* _Provided records_:
=== Begin Enclosure ===

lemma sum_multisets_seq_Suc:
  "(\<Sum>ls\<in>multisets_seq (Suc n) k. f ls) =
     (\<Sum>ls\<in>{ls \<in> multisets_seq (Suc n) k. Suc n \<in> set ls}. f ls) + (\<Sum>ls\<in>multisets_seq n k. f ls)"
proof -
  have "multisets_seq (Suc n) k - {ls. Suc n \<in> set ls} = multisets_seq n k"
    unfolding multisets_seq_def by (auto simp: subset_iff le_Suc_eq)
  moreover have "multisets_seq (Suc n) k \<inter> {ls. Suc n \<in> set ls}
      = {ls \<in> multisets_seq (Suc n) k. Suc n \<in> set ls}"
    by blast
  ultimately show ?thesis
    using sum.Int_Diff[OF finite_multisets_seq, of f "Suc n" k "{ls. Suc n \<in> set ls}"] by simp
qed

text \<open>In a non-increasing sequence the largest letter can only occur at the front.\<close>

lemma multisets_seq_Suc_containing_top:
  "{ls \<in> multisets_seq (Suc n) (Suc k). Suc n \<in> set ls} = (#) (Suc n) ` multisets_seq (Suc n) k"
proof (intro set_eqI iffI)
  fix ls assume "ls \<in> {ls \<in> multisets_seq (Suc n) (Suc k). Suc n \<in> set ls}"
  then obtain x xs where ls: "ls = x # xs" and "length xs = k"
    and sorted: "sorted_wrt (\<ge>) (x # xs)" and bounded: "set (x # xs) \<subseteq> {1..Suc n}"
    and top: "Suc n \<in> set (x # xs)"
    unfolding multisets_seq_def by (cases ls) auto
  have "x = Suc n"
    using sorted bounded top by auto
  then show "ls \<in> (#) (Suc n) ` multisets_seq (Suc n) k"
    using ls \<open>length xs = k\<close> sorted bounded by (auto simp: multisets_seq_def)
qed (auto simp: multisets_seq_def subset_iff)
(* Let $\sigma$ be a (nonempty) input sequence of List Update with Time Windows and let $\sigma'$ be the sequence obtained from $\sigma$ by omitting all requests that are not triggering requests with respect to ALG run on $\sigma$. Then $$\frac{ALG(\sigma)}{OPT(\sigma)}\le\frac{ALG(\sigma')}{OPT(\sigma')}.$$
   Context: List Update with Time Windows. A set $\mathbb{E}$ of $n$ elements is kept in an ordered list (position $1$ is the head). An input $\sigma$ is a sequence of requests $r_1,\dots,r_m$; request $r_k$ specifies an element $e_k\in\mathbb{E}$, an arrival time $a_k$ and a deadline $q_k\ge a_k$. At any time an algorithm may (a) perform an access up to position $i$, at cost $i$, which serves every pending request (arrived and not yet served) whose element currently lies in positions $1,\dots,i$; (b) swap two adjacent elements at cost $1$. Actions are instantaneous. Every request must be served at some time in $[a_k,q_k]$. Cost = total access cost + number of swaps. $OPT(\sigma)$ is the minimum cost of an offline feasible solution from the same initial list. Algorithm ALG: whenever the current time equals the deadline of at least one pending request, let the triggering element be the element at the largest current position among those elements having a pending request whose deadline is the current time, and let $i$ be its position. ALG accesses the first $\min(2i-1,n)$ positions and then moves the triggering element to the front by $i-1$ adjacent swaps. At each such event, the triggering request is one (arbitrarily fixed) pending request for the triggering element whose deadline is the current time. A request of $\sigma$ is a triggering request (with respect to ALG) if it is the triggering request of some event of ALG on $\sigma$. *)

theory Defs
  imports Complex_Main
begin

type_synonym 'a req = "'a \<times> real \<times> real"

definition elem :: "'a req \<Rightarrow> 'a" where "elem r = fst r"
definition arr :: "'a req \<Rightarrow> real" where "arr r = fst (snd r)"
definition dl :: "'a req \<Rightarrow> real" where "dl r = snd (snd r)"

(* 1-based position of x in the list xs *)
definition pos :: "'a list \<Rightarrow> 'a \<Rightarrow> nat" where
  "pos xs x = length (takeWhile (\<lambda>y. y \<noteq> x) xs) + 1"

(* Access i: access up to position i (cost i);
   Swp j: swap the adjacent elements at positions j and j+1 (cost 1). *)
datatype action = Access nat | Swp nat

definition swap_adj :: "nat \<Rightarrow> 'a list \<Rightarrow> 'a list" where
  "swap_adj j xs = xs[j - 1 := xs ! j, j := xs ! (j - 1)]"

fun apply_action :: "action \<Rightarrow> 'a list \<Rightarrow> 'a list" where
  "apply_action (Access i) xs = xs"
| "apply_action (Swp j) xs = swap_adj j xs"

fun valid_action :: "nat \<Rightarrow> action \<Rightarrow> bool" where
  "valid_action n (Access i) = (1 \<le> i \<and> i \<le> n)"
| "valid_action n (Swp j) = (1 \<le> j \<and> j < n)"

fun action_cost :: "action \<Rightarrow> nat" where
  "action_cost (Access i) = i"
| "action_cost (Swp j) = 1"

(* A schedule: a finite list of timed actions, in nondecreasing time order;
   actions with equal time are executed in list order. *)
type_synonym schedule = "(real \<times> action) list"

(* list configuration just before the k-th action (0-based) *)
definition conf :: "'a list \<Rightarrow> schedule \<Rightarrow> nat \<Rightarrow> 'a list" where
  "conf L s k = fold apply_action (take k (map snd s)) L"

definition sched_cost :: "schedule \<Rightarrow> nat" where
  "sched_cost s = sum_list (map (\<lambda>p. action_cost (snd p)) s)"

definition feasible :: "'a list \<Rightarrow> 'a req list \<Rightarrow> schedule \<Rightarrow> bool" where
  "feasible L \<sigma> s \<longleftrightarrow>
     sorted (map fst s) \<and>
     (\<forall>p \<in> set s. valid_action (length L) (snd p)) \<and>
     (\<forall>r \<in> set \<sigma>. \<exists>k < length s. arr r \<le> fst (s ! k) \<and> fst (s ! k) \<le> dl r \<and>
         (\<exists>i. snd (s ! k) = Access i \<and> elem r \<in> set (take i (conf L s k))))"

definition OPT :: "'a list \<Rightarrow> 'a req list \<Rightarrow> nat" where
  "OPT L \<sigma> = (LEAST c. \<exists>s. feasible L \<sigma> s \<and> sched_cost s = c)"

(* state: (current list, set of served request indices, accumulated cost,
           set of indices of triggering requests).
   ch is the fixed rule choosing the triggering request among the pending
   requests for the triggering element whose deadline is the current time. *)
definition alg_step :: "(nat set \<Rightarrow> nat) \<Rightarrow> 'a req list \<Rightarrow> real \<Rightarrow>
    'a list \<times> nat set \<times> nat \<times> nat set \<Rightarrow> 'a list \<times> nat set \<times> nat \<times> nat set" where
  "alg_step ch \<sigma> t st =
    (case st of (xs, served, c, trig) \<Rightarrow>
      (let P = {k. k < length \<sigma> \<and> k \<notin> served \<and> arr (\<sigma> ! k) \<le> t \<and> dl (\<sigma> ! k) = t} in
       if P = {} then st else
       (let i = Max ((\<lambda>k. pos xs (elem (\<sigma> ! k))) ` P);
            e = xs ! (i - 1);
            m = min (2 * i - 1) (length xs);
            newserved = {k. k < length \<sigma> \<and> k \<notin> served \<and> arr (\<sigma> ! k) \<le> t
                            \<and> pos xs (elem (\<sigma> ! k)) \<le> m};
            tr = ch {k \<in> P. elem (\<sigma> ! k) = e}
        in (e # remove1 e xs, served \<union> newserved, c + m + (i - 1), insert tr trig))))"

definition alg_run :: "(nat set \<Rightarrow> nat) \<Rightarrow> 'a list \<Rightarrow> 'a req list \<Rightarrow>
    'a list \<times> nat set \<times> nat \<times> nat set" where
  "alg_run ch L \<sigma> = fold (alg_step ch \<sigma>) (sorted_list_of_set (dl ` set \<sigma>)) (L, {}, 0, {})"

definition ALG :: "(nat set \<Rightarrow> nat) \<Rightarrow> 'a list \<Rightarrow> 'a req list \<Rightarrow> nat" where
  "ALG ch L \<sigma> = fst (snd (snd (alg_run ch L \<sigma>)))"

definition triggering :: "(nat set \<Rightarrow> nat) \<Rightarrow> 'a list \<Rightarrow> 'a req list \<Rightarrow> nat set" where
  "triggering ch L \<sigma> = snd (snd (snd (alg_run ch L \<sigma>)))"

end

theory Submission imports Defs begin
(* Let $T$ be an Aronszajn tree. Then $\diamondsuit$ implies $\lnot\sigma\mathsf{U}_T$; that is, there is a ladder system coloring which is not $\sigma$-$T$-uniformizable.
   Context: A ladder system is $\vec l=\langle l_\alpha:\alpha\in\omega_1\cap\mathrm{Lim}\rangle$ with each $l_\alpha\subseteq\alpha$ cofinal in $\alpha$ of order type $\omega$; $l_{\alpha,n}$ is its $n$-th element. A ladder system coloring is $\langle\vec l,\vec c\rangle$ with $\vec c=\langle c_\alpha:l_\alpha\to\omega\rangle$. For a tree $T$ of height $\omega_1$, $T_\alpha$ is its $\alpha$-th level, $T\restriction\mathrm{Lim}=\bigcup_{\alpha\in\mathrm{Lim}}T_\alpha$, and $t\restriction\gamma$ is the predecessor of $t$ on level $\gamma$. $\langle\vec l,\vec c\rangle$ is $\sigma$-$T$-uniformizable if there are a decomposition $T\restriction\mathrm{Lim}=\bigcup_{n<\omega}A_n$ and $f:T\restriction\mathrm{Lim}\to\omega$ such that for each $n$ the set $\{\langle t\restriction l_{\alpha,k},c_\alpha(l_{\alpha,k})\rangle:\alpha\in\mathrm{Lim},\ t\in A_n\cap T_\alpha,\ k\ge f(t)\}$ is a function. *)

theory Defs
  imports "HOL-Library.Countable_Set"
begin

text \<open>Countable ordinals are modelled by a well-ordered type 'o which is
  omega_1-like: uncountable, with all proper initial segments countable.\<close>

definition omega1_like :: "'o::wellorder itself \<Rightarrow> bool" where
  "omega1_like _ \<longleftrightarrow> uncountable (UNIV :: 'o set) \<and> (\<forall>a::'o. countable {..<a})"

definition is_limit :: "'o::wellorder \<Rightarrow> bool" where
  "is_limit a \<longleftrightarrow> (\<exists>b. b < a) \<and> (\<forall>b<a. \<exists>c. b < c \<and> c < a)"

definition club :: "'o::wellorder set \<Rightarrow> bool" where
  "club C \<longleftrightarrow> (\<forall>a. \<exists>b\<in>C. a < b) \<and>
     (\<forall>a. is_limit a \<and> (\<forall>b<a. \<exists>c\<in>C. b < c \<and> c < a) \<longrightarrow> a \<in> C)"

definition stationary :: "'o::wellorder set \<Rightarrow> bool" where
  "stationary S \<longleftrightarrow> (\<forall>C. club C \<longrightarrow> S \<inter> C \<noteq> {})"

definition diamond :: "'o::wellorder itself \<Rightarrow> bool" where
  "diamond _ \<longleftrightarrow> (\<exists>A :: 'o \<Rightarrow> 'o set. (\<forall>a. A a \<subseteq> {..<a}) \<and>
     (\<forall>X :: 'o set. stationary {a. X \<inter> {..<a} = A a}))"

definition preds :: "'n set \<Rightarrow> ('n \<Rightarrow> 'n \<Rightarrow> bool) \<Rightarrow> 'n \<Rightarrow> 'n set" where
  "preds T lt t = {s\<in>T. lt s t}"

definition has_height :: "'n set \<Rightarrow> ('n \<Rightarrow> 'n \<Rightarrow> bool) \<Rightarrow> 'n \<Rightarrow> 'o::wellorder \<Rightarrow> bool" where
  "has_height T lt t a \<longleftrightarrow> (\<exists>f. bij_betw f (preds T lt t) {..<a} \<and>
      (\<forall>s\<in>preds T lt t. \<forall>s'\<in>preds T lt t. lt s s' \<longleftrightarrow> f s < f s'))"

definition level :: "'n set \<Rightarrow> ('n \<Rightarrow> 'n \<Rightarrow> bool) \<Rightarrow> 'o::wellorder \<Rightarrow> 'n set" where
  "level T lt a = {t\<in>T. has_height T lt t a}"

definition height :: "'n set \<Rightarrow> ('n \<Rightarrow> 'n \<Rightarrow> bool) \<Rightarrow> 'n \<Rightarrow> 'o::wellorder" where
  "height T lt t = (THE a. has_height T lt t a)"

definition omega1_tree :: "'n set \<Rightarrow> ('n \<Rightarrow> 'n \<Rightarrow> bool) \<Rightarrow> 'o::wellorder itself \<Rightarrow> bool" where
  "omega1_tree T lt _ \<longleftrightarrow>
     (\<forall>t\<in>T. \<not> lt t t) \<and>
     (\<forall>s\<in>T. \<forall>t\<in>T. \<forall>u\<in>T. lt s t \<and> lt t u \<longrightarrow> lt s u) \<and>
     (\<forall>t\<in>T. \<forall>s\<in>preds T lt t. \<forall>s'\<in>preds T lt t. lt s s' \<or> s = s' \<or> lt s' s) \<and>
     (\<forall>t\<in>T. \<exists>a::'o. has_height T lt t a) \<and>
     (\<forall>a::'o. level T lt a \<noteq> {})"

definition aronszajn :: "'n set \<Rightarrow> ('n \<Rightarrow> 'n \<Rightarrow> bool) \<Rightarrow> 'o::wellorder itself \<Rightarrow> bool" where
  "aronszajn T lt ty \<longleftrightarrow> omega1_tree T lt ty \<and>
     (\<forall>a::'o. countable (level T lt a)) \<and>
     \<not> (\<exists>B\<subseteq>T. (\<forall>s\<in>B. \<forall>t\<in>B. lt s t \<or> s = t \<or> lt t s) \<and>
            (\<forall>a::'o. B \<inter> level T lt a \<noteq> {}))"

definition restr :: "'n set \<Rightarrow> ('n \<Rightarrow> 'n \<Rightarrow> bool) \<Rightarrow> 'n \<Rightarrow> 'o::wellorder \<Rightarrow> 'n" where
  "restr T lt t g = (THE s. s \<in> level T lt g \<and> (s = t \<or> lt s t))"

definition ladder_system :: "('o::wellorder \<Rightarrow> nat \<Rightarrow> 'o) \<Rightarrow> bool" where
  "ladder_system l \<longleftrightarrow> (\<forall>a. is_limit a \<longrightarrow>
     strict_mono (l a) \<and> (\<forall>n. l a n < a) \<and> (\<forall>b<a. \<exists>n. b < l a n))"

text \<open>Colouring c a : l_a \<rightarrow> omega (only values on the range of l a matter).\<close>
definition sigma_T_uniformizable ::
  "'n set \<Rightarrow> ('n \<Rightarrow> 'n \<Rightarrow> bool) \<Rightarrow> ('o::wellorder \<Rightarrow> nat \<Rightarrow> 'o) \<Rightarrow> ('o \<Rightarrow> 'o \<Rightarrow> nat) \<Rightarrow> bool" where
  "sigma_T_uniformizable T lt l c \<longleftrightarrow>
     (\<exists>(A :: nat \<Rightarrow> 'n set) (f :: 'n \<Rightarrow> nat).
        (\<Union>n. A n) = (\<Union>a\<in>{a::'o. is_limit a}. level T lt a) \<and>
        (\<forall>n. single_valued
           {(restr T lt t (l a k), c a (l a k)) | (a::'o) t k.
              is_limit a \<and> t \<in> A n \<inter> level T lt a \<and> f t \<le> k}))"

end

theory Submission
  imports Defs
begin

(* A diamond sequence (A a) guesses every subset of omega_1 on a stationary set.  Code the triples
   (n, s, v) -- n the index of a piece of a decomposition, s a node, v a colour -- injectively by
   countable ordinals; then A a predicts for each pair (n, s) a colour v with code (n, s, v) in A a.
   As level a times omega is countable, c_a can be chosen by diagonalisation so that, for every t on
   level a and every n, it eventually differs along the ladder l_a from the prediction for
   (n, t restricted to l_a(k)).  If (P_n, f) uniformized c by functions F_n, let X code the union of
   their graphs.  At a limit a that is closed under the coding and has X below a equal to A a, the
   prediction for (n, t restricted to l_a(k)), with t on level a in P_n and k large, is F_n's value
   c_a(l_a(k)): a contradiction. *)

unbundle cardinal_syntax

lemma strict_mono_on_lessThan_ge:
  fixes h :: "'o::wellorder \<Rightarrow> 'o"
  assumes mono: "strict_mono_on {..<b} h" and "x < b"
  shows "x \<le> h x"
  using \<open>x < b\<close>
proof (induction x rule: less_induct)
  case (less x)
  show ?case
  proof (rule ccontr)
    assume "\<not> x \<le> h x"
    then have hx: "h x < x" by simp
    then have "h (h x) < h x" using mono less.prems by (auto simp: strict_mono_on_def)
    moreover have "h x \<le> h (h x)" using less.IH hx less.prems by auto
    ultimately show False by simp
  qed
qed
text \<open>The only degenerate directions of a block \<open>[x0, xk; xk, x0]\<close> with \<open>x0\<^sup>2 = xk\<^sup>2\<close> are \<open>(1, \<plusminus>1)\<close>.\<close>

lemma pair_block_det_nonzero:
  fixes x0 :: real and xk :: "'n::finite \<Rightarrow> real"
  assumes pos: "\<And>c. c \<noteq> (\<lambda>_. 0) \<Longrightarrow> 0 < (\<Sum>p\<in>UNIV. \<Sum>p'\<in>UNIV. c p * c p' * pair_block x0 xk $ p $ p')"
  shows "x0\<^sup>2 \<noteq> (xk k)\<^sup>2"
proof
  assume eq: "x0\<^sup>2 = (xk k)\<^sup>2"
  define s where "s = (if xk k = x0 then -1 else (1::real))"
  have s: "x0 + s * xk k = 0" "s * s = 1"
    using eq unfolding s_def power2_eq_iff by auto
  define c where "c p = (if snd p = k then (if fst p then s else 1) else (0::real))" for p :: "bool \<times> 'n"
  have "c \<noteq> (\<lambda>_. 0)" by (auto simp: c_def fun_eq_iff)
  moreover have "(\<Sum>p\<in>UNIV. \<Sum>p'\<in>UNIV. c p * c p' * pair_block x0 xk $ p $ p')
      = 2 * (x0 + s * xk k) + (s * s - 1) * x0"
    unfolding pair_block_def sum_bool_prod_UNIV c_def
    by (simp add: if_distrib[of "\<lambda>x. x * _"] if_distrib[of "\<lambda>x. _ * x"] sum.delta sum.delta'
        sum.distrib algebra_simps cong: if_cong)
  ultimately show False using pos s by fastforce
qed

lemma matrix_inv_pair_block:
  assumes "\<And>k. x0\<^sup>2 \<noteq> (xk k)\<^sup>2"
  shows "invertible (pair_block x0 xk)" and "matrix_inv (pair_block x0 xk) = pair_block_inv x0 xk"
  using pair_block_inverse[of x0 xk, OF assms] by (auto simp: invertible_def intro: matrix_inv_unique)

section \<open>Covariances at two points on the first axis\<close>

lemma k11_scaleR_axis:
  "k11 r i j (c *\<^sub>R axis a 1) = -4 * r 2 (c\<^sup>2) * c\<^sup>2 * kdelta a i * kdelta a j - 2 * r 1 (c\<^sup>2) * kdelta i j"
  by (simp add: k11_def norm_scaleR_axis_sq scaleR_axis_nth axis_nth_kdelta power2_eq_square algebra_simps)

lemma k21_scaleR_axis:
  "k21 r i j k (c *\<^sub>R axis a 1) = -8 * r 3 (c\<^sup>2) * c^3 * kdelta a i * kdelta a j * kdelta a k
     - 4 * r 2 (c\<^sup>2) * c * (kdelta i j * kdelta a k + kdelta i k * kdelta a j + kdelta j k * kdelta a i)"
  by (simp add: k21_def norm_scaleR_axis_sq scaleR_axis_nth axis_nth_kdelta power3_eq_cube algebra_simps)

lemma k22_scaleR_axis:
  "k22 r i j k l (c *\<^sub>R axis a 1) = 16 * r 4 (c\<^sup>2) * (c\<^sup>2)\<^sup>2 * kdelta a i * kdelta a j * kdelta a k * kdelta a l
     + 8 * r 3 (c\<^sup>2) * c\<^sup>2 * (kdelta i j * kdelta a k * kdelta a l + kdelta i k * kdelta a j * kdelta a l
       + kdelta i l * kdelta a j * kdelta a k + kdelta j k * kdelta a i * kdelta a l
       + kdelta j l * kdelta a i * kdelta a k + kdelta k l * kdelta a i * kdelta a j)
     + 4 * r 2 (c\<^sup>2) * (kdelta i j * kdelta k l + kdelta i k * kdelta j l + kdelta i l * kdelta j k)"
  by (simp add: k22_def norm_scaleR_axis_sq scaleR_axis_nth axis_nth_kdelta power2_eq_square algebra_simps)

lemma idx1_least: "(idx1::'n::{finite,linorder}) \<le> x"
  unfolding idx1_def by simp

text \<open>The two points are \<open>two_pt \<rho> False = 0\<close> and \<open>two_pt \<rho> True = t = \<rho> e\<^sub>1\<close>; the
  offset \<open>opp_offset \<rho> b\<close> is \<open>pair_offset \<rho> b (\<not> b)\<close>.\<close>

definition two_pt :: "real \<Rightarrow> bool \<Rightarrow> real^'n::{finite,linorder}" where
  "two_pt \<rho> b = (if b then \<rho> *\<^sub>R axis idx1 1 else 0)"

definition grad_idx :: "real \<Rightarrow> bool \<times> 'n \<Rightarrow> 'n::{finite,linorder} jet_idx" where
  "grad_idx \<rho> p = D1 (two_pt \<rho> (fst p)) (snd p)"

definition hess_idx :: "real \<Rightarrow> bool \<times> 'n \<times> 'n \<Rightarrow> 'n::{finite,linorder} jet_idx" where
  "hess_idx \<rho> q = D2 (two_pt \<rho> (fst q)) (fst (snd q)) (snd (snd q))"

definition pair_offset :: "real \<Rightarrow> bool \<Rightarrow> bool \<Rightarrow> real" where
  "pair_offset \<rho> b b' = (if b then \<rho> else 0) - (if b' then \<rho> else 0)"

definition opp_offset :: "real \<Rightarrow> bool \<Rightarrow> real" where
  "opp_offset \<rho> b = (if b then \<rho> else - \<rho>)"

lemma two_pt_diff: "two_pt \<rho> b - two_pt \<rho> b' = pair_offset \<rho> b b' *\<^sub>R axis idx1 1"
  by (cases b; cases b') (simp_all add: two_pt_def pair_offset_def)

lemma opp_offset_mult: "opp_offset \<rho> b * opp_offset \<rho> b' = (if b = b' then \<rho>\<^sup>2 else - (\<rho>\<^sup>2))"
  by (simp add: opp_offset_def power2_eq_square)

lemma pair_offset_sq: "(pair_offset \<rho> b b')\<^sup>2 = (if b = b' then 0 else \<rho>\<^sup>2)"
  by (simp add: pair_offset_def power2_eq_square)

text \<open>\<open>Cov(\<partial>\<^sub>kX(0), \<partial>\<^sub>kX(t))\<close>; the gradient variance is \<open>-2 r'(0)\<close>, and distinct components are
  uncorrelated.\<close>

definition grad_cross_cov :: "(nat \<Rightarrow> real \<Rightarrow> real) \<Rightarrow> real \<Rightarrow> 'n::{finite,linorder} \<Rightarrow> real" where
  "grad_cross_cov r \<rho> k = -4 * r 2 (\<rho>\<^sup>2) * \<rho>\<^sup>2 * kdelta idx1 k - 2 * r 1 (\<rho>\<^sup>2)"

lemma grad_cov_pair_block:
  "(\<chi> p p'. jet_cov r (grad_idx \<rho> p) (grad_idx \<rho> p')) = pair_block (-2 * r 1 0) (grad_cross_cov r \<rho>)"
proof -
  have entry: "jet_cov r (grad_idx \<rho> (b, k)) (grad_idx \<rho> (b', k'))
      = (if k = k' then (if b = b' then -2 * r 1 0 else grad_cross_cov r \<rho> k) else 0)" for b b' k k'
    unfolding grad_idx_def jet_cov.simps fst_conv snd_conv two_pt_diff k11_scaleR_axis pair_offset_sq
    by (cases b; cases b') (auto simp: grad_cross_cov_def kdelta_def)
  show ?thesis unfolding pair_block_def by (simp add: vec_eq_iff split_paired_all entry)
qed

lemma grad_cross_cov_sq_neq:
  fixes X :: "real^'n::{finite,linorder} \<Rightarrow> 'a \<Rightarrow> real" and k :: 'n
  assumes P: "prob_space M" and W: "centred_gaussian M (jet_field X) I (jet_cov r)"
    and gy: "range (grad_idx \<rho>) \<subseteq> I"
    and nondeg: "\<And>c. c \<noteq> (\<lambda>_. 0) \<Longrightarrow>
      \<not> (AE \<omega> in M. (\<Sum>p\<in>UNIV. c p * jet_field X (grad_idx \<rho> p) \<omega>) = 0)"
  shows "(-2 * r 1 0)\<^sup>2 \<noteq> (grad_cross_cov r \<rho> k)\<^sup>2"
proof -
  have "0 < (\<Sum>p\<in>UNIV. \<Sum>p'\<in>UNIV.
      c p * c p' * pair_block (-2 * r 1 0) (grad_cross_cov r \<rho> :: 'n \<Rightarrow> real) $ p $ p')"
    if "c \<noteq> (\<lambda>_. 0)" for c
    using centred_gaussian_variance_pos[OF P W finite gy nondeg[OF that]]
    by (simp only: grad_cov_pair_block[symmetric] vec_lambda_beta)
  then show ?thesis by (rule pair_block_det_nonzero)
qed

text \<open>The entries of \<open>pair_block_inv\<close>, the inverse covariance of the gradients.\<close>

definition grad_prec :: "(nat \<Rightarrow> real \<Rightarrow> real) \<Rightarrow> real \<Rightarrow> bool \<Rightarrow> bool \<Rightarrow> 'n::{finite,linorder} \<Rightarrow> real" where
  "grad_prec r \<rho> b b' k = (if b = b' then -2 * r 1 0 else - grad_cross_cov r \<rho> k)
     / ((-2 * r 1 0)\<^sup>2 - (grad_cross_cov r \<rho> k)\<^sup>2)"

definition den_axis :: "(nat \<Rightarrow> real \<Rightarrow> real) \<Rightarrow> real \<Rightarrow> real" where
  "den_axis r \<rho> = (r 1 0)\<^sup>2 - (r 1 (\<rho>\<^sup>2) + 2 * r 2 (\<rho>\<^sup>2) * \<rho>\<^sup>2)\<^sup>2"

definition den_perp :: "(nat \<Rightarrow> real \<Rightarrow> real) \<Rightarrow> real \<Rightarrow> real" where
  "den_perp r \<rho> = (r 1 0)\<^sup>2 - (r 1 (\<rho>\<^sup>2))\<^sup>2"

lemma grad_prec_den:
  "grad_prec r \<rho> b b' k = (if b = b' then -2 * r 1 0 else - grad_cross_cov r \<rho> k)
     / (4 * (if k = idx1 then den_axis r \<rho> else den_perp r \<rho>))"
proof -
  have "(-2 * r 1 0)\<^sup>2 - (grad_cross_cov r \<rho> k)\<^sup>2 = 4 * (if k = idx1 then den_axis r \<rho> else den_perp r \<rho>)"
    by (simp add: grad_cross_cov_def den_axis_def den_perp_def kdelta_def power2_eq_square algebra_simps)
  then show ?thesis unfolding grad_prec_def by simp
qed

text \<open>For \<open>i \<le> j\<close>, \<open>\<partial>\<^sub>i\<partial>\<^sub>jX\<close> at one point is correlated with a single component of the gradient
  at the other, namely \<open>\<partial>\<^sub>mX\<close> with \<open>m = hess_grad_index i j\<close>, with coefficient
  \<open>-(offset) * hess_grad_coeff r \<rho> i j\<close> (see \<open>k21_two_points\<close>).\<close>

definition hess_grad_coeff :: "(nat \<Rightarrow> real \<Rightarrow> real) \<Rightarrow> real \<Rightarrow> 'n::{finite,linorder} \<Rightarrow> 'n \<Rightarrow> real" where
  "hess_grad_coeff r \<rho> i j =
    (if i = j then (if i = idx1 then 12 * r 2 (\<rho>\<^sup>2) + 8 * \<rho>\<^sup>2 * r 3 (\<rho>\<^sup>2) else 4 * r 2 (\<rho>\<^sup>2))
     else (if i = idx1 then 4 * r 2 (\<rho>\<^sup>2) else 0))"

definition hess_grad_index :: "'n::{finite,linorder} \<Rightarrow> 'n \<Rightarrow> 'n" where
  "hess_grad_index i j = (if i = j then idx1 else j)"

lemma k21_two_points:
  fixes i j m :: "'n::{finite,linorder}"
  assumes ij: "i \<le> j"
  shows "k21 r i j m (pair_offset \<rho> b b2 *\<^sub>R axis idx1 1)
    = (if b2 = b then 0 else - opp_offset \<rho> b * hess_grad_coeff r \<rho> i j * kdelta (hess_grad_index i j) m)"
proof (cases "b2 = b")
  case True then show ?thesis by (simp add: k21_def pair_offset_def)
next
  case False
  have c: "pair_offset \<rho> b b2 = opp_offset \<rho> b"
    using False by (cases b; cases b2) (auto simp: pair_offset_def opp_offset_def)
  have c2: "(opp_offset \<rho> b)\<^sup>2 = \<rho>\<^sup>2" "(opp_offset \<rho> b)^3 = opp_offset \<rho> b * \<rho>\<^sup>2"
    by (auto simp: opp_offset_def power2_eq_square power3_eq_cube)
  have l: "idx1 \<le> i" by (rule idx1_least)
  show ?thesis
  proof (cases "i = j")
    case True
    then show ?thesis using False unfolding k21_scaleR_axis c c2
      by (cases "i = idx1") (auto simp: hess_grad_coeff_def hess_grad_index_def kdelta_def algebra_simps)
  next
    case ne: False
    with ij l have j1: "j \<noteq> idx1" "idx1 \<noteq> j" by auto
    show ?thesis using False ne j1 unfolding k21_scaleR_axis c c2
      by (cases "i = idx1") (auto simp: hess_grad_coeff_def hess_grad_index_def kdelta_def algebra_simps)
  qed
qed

=== End Enclosure ===

* _Exercise_:
For this exercise, please output exactly the lines above starting at the line with "(n, t restricted to l_a(k))." and ending at the line with "c_a(l_a(k)): a contradiction. *)", ends included.

* _Result_:
   (n, t restricted to l_a(k)).  If (P_n, f) uniformized c by functions F_n, let X code the union of
   their graphs.  At a limit a that is closed under the coding and has X below a equal to A a, the
   prediction for (n, t restricted to l_a(k)), with t on level a in P_n and k large, is F_n's value
   c_a(l_a(k)): a contradiction. *)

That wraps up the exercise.